(* Let $R$ be a commutative Bézout ring and let $0\neq c\in R$. Consider: (1) for any $a,b\in R$ with $aR+bR=R$, there exist $r,s\in R$ such that $c=rs$ and $rR+sR=rR+aR=sR+bR=R$; (2) the ring $R/cR$ is clean. Then (1) implies (2). If moreover $R$ is an integral domain, then (1) and (2) are equivalent.
   Context: All rings are commutative with identity. A ring is Bézout if every finitely generated ideal is principal. A ring is clean if every element is the sum of an idempotent and a unit. *)

theory Defs
  imports "HOL-Algebra.Algebra"
begin

definition bezout_ring :: "('a, 'b) ring_scheme \<Rightarrow> bool" where
  "bezout_ring R \<longleftrightarrow> cring R \<and>
     (\<forall>S. finite S \<and> S \<subseteq> carrier R \<longrightarrow>
        (\<exists>d \<in> carrier R. genideal R S = cgenideal R d))"

definition clean_ring :: "('a, 'b) ring_scheme \<Rightarrow> bool" where
  "clean_ring R \<longleftrightarrow>
     (\<forall>x \<in> carrier R. \<exists>e \<in> carrier R. \<exists>u \<in> Units R.
        e \<otimes>\<^bsub>R\<^esub> e = e \<and> x = e \<oplus>\<^bsub>R\<^esub> u)"

definition cond1 :: "('a, 'b) ring_scheme \<Rightarrow> 'a \<Rightarrow> bool" where
  "cond1 R c \<longleftrightarrow>
     (\<forall>a \<in> carrier R. \<forall>b \<in> carrier R.
        cgenideal R a <+>\<^bsub>R\<^esub> cgenideal R b = carrier R \<longrightarrow>
        (\<exists>r \<in> carrier R. \<exists>s \<in> carrier R. c = r \<otimes>\<^bsub>R\<^esub> s \<and>
            cgenideal R r <+>\<^bsub>R\<^esub> cgenideal R s = carrier R \<and>
            cgenideal R r <+>\<^bsub>R\<^esub> cgenideal R a = carrier R \<and>
            cgenideal R s <+>\<^bsub>R\<^esub> cgenideal R b = carrier R))"

end

(* (1) implies (2): given x, apply (1) to the comaximal pair x, 1 - x to get c = r s with
   \<alpha> r + \<beta> s = 1. Then e = \<alpha> r is idempotent modulo r s, and x - e is congruent to x modulo r
   and to x - 1 modulo s, so it is a unit modulo r and modulo s, hence modulo r s.

   (2) implies (1) in a Bezout domain: given \<alpha> a + \<beta> b = 1, write \<alpha> a = e + u modulo c with
   e idempotent and u a unit, and let r, s generate the ideals (e, c) and (1 - e, c). These are
   comaximal and both divide c, so r s divides c; conversely r s lies in (e (1 - e), c) = (c).
   Hence c and r s are associates, and the unit can be absorbed into r. Finally
   1 - e = \<alpha> a (1 - e) u\<inverse> and e = - \<beta> b e u\<inverse> modulo c, which makes r comaximal with a and
   s comaximal with b. *)

theory Submission
  imports Defs
begin

context cring
begin

lemma cgenideal_mem_iff:
  "x \<in> PIdl c \<longleftrightarrow> (\<exists>k\<in>carrier R. x = k \<otimes> c)"
  by (auto simp: cgenideal_def)

lemma mult_mem_cgenideal: "k \<in> carrier R \<Longrightarrow> k \<otimes> a \<in> PIdl a"
  by (auto simp: cgenideal_def)

lemma cgenideal_sum_mem_iff:
  "z \<in> PIdl a <+> PIdl b \<longleftrightarrow> (\<exists>x\<in>carrier R. \<exists>y\<in>carrier R. z = x \<otimes> a \<oplus> y \<otimes> b)"
  by (auto simp: set_add_defs cgenideal_def)

lemma cgenideal_sum_mem:
  assumes "a \<in> carrier R" "b \<in> carrier R"
  shows "a \<in> PIdl a <+> PIdl b" "b \<in> PIdl a <+> PIdl b"
proof -
  have "a = \<one> \<otimes> a \<oplus> \<zero> \<otimes> b" "b = \<zero> \<otimes> a \<oplus> \<one> \<otimes> b"
    using assms by simp_all
  thus "a \<in> PIdl a <+> PIdl b" "b \<in> PIdl a <+> PIdl b"
    unfolding cgenideal_sum_mem_iff by (metis one_closed zero_closed)+
qed

lemma genideal_pair_eq_cgenideal_sum:
  assumes "a \<in> carrier R" "b \<in> carrier R"
  shows "Idl {a, b} = PIdl a <+> PIdl b"
proof
  have "ideal (PIdl a <+> PIdl b) R"
    using assms by (intro add_ideals cgenideal_ideal)
  thus "Idl {a, b} \<subseteq> PIdl a <+> PIdl b"
    using cgenideal_sum_mem[OF assms] by (intro genideal_minimal) auto
next
  have I: "ideal (Idl {a, b}) R"
    using assms by (intro genideal_ideal) auto
  moreover have "a \<in> Idl {a, b}" "b \<in> Idl {a, b}"
    using assms genideal_self[of "{a, b}"] by auto
  ultimately have "PIdl a \<subseteq> Idl {a, b}" "PIdl b \<subseteq> Idl {a, b}"
    by (simp_all add: cgenideal_minimal)
  thus "PIdl a <+> PIdl b \<subseteq> Idl {a, b}"
    using assms ideal.axioms(1)[OF genideal_ideal, of "{a, b}"]
    by (auto simp: set_add_defs dest: additive_subgroup.a_closed)
qed

lemma bezout_ring_cgenideal_sum:
  assumes "bezout_ring R" "a \<in> carrier R" "b \<in> carrier R"
  obtains d where "d \<in> carrier R" "PIdl d = PIdl a <+> PIdl b"
  using assms genideal_pair_eq_cgenideal_sum unfolding bezout_ring_def
  by (metis empty_subsetI finite.emptyI finite_insert insert_subset)

lemma cgenideal_sum_mult_mem:
  assumes "PIdl r = PIdl e <+> PIdl c" "PIdl s = PIdl f <+> PIdl c" "e \<otimes> f \<in> PIdl c"
    and "r \<in> carrier R" "s \<in> carrier R" "c \<in> carrier R" "e \<in> carrier R" "f \<in> carrier R"
  shows "r \<otimes> s \<in> PIdl c"
proof -
  obtain \<rho> \<rho>' \<sigma> \<sigma>' where coeffs: "\<rho> \<in> carrier R" "\<rho>' \<in> carrier R" "\<sigma> \<in> carrier R" "\<sigma>' \<in> carrier R"
    and r: "r = \<rho> \<otimes> e \<oplus> \<rho>' \<otimes> c" and s: "s = \<sigma> \<otimes> f \<oplus> \<sigma>' \<otimes> c"
    using assms(1,2) cgenideal_self[OF assms(4)] cgenideal_self[OF assms(5)]
    by (auto simp: cgenideal_sum_mem_iff)
  have "r \<otimes> s = (\<rho> \<otimes> \<sigma>) \<otimes> (e \<otimes> f) \<oplus> (\<rho> \<otimes> \<sigma>' \<otimes> e \<oplus> \<rho>' \<otimes> \<sigma> \<otimes> f \<oplus> \<rho>' \<otimes> \<sigma>' \<otimes> c) \<otimes> c"
    unfolding r s using coeffs assms(6-8) by algebra
  moreover interpret C: ideal "PIdl c" R
    using cgenideal_ideal[OF assms(6)] .
  have "(\<rho> \<otimes> \<sigma>) \<otimes> (e \<otimes> f) \<oplus> (\<rho> \<otimes> \<sigma>' \<otimes> e \<oplus> \<rho>' \<otimes> \<sigma> \<otimes> f \<oplus> \<rho>' \<otimes> \<sigma>' \<otimes> c) \<otimes> c \<in> PIdl c"
    by (rule C.a_closed; rule C.I_l_closed) (use coeffs assms(3,6-8) cgenideal_self in auto)
  ultimately show ?thesis
    by simp
qed

definition comaximal :: "'a \<Rightarrow> 'a \<Rightarrow> bool" where
  "comaximal a b \<longleftrightarrow> PIdl a <+> PIdl b = carrier R"

lemma comaximal_iff:
  assumes "a \<in> carrier R" "b \<in> carrier R"
  shows "comaximal a b \<longleftrightarrow> (\<exists>x\<in>carrier R. \<exists>y\<in>carrier R. x \<otimes> a \<oplus> y \<otimes> b = \<one>)"
proof -
  have "ideal (PIdl a <+> PIdl b) R"
    using assms by (intro add_ideals cgenideal_ideal)
  hence "comaximal a b \<longleftrightarrow> \<one> \<in> PIdl a <+> PIdl b"
    unfolding comaximal_def using ideal.one_imp_carrier by blast
  thus ?thesis
    unfolding cgenideal_sum_mem_iff by metis
qed

lemma comaximalI:
  assumes "x \<in> carrier R" "y \<in> carrier R" "a \<in> carrier R" "b \<in> carrier R"
    and "x \<otimes> a \<oplus> y \<otimes> b = \<one>"
  shows "comaximal a b"
  using assms comaximal_iff by blast

lemma comaximalE:
  assumes "comaximal a b" "a \<in> carrier R" "b \<in> carrier R"
  obtains x y where "x \<in> carrier R" "y \<in> carrier R" "x \<otimes> a \<oplus> y \<otimes> b = \<one>"
  using assms comaximal_iff by blast

lemma comaximalI_mem:
  assumes "x \<in> PIdl a" "y \<in> PIdl b" "x \<oplus> y = \<one>" "a \<in> carrier R" "b \<in> carrier R"
  shows "comaximal a b"
  using assms comaximalI by (auto simp: cgenideal_mem_iff)

lemma comaximal_commute:
  assumes "a \<in> carrier R" "b \<in> carrier R"
  shows "comaximal a b \<longleftrightarrow> comaximal b a"
  using assms unfolding comaximal_iff[OF assms] comaximal_iff[OF assms(2,1)]
  by (metis a_comm m_closed)

lemma comaximal_add_multiple:
  assumes "comaximal a b" "a \<in> carrier R" "b \<in> carrier R" "k \<in> carrier R"
  shows "comaximal (a \<oplus> k \<otimes> b) b"
proof -
  obtain x y where xy: "x \<in> carrier R" "y \<in> carrier R" "x \<otimes> a \<oplus> y \<otimes> b = \<one>"
    using assms comaximalE by blast
  have "x \<otimes> (a \<oplus> k \<otimes> b) \<oplus> (y \<ominus> x \<otimes> k) \<otimes> b = x \<otimes> a \<oplus> y \<otimes> b"
    using assms xy(1,2) by algebra
  thus ?thesis
    using assms xy by (intro comaximalI[of x "y \<ominus> x \<otimes> k"]) auto
qed

lemma comaximal_uminus:
  assumes "comaximal a b" "a \<in> carrier R" "b \<in> carrier R"
  shows "comaximal (\<ominus> a) b"
proof -
  obtain x y where xy: "x \<in> carrier R" "y \<in> carrier R" "x \<otimes> a \<oplus> y \<otimes> b = \<one>"
    using assms comaximalE by blast
  have "(\<ominus> x) \<otimes> (\<ominus> a) \<oplus> y \<otimes> b = x \<otimes> a \<oplus> y \<otimes> b"
    using assms xy(1,2) by algebra
  thus ?thesis
    using assms xy by (intro comaximalI[of "\<ominus> x" y]) auto
qed

lemma comaximal_Units_mult:
  assumes "comaximal r a" "t \<in> Units R" "r \<in> carrier R" "a \<in> carrier R"
  shows "comaximal (t \<otimes> r) a"
proof -
  obtain x y where xy: "x \<in> carrier R" "y \<in> carrier R" "x \<otimes> r \<oplus> y \<otimes> a = \<one>"
    using assms comaximalE by blast
  have "(x \<otimes> inv t) \<otimes> (t \<otimes> r) = x \<otimes> (inv t \<otimes> t) \<otimes> r"
    using assms(3) xy(1) Units_inv_closed[OF assms(2)] Units_closed[OF assms(2)] by algebra
  also have "\<dots> = x \<otimes> r"
    using assms xy by simp
  finally have "(x \<otimes> inv t) \<otimes> (t \<otimes> r) = x \<otimes> r" .
  thus ?thesis
    using assms xy by (intro comaximalI[of "x \<otimes> inv t" y]) auto
qed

*****

# Assigned task:
Search the entries for the word "coeffs" and copy every line that holds it.

# Exercise answer:
  obtain \<rho> \<rho>' \<sigma> \<sigma>' where coeffs: "\<rho> \<in> carrier R" "\<rho>' \<in> carrier R" "\<sigma> \<in> carrier R" "\<sigma>' \<in> carrier R"
    unfolding r s using coeffs assms(6-8) by algebra
    by (rule C.a_closed; rule C.I_l_closed) (use coeffs assms(3,6-8) cgenideal_self in auto)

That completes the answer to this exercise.